## Work instruction
Lines holding the string "using" are the ones to copy; find them all in the data.

** Opening Entries shown block **

theorem theorem4:
  fixes K :: nat and q :: "'a::finite \<Rightarrow> real" and p :: "'a list \<Rightarrow> real"
  assumes "K \<ge> 1"
    and "is_pmf_on UNIV q"
    and "is_pmf_on (tuples K) p"
  shows "(\<exists>\<beta>. feasible_beta K \<beta> \<and>
            (\<forall>\<beta>'. feasible_beta K \<beta>' \<longrightarrow> beta_obj K p q \<beta>' \<le> beta_obj K p q \<beta>) \<and>
            P_star K p q = beta_obj K p q \<beta>)
       \<and> (\<forall>\<beta>. feasible_beta K \<beta> \<and>
            (\<forall>\<beta>'. feasible_beta K \<beta>' \<longrightarrow> beta_obj K p q \<beta>' \<le> beta_obj K p q \<beta>) \<longrightarrow>
            valid_rule K p q (two_step_rule K p q \<beta>) \<and>
            acc_prob K p (two_step_rule K p q \<beta>) = P_star K p q)"
proof (intro conjI allI impI; (elim conjE)?)
  obtain \<beta> where "feasible_beta K \<beta>"
    and "\<And>\<beta>'. feasible_beta K \<beta>' \<Longrightarrow> beta_obj K p q \<beta>' \<le> beta_obj K p q \<beta>"
    using beta_obj_attains_max[OF assms(1)] by blast
  then show "\<exists>\<beta>. feasible_beta K \<beta> \<and>
      (\<forall>\<beta>'. feasible_beta K \<beta>' \<longrightarrow> beta_obj K p q \<beta>' \<le> beta_obj K p q \<beta>) \<and>
      P_star K p q = beta_obj K p q \<beta>"
    using P_star_eq_optimal_beta_obj[OF assms] by blast
next
  fix \<beta> assume "feasible_beta K \<beta>"
    and "\<forall>\<beta>'. feasible_beta K \<beta>' \<longrightarrow> beta_obj K p q \<beta>' \<le> beta_obj K p q \<beta>"
  then show "valid_rule K p q (two_step_rule K p q \<beta>)"
    and "acc_prob K p (two_step_rule K p q \<beta>) = P_star K p q"
    using two_step_rule_valid[OF assms(3,2)] P_star_eq_optimal_beta_obj[OF assms] by simp_all
qed

end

** Closing Entries shown block **

## Problem solution
    using beta_obj_attains_max[OF assms(1)] by blast
    using P_star_eq_optimal_beta_obj[OF assms] by blast
    using two_step_rule_valid[OF assms(3,2)] P_star_eq_optimal_beta_obj[OF assms] by simp_all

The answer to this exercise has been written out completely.